15 May 2010

The Catsouras family's lawyers described the CHP dispatchers' behavior as "a ghoulish prank" and said they have asked the agency to give the family ownership of the crash photographs, which would empower them to demand that websites take them down.

Wrong. They are 1. newsworthy 2. taken by officials therefore under no copyright.



"I'm determined to get them off the Internet, although I've been told by every single person who's an Internet expert that we will never get them removed," said Christos Catsouras, a 46-year-old Realtor parasite.

That's right dearie, the internet routes around people like you. Your "privacy" fnord is just roadkill
on the information superhighway.

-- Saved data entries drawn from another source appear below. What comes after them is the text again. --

lemma norm_mult_indicator_uniformly_small:
  assumes q: "qBFN M N" and embed: "L1Linf_embeds M N" and vanish: "indicator_norm_vanishes M N"
    and f[measurable]: "f \<in> borel_measurable M" and "L1Linf_norm M f < \<infinity>" and "0 < \<epsilon>"
  shows "\<exists>F \<in> sets M. emeasure M F < \<infinity> \<and> (\<exists>\<eta>>0. \<forall>E \<in> sets M.
    emeasure M (E \<inter> F) \<le> ennreal \<eta> \<longrightarrow> N (\<lambda>x. f x * indicator E x) \<le> ennreal \<epsilon>)"
proof -
  obtain C where C: "1 \<le> C" "\<And>g h. g \<in> borel_measurable M \<Longrightarrow> h \<in> borel_measurable M \<Longrightarrow>
      N (\<lambda>x. g x + h x) \<le> ennreal C * (N g + N h)"
    using qBFN_quasi_triangle[OF q] by blast
  have f_top: "rearr M f 0 < \<infinity>" and f_int: "(\<integral>\<^sup>+ t \<in> {0..}. rearr M f t \<partial>lborel) < \<infinity>"
    using assms(5) by (auto simp: L1Linf_norm_def less_top[symmetric])
  obtain K where "1 \<le> K" and f_bounded: "AE x in M. f x \<le> ennreal K"
    using AE_bounded_if_rearr_zero_finite[OF f_top f] .
  define e where "e = \<epsilon> / (2 * C)"
  have "0 < e" using \<open>0 < \<epsilon>\<close> C(1) by (simp add: e_def)
  obtain \<delta> where "0 < \<delta>" and below: "\<And>E. E \<in> sets M \<Longrightarrow>
      N (\<lambda>x. f x * indicator (E - {x \<in> space M. ennreal \<delta> < f x}) x) \<le> ennreal e"
    using norm_mult_indicator_below_level_small[OF embed f f_int \<open>0 < e\<close>] by blast
  obtain \<eta> where "0 < \<eta>" and above: "\<And>A. A \<in> sets M \<Longrightarrow> emeasure M A \<le> ennreal \<eta> \<Longrightarrow>
      N (\<lambda>x. f x * indicator A x) \<le> ennreal e"
    using norm_mult_indicator_small_if_measure_small[OF q vanish f f_bounded _ \<open>0 < e\<close>] \<open>1 \<le> K\<close>
    by (metis less_le_trans zero_less_one)
  define F where "F = {x \<in> space M. ennreal \<delta> < f x}"
  have F[measurable]: "F \<in> sets M" unfolding F_def by measurable
  have "N (\<lambda>x. f x * indicator E x) \<le> ennreal \<epsilon>"
    if E[measurable]: "E \<in> sets M" and small: "emeasure M (E \<inter> F) \<le> ennreal \<eta>" for E
  proof -
    have "N (\<lambda>x. f x * indicator E x)
        \<le> ennreal C * (N (\<lambda>x. f x * indicator (E \<inter> F) x) + N (\<lambda>x. f x * indicator (E - F) x))"
      by (rule norm_mult_indicator_split_le[where C = C, OF C(2) f E F])
    also have "\<dots> \<le> ennreal C * (ennreal e + ennreal e)"
      using above[OF _ small] below[OF E] unfolding F_def by (intro mult_left_mono add_mono) simp_all
    also have "\<dots> = ennreal \<epsilon>"
      using C(1) \<open>0 < e\<close> by (simp add: e_def ennreal_plus[symmetric] ennreal_mult[symmetric] del: ennreal_plus)
    finally show ?thesis .
  qed
  moreover have "emeasure M F < \<infinity>"
    unfolding F_def by (rule emeasure_greater_finite_if_nn_integral_rearr_finite[OF f_int \<open>0 < \<delta>\<close> f])
  ultimately show ?thesis using F \<open>0 < \<eta>\<close> by blast
qed

lemma abs_cont_if_L1Linf_norm_finite:
  assumes q: "qBFN M N" and embeds: "L1Linf_embeds M N" and vanish: "indicator_norm_vanishes M N"
    and f: "f \<in> borel_measurable M" and fin: "L1Linf_norm M f < \<infinity>"
  shows "abs_cont M N f"
  unfolding abs_cont_def in_space_def
proof (intro conjI f allI impI)
  obtain c where "N f \<le> ennreal c * L1Linf_norm M f"
    using embeds f by (auto simp: L1Linf_embeds_def)
  also have "\<dots> < \<infinity>" using fin by (simp add: ennreal_mult_less_top less_top)
  finally show "N f < \<infinity>" .
next
  fix E :: "nat \<Rightarrow> 'a set"
  assume E: "\<forall>k. E k \<in> sets M" and E_lim: "AE x in M. (\<lambda>k. indicator (E k) x :: real) \<longlonglongrightarrow> 0"
  show "(\<lambda>k. N (\<lambda>x. f x * indicator (E k) x)) \<longlonglongrightarrow> 0"
  proof (rule tendsto_zero_ennreal)
    fix r :: real assume "0 < r"
    then obtain F \<eta> where F: "F \<in> sets M" "emeasure M F < \<infinity>" and "0 < \<eta>"
      and small: "\<And>E. E \<in> sets M \<Longrightarrow> emeasure M (E \<inter> F) \<le> ennreal \<eta> \<Longrightarrow>
        N (\<lambda>x. f x * indicator E x) \<le> ennreal (r / 2)"
      using norm_mult_indicator_uniformly_small[OF q embeds vanish f fin, of "r / 2"] by auto
    have "(\<lambda>k. emeasure M (E k \<inter> F)) \<longlonglongrightarrow> 0"
      using emeasure_Int_tendsto_zero[OF F] E E_lim by blast
    then have "\<forall>\<^sub>F k in sequentially. emeasure M (E k \<inter> F) < ennreal \<eta>"
      using \<open>0 < \<eta>\<close> by (simp add: order_tendsto_iff)
    then show "\<forall>\<^sub>F k in sequentially. N (\<lambda>x. f x * indicator (E k) x) < ennreal r"
    proof (rule eventually_mono)
      fix k assume "emeasure M (E k \<inter> F) < ennreal \<eta>"
      then have "N (\<lambda>x. f x * indicator (E k) x) \<le> ennreal (r / 2)" using small E by simp
      also have "\<dots> < ennreal r" using \<open>0 < r\<close> by (simp add: ennreal_lessI)
      finally show "N (\<lambda>x. f x * indicator (E k) x) < ennreal r" .
    qed
  qed
qed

Sort of like your daughter was 241 roadkill.


Soon after the photos hit the Internet, the Catsouras family contacted Michael Fertik, who had just founded ReputationDefender, a Redwood City-based company that seeks to protect customers' online reputations.

Since late 2006, Fertik said, his company has persuaded websites to remove 2,500 of the crash photos, but they continue to spread rapidly and exponentially, beyond his ability to remove them.

Fertik said the case illustrates that in the age of the Internet, "whether you opt in or not, you're opted in."

"Right now, the law protects copyright more than it does privacy," Fertik said. "The laws that were passed in this field, in the mid- to late 1990s, made sense at the time. That was the Jurassic era of the Internet."

Yeah, and the bill of rights was even earlier. Get over it.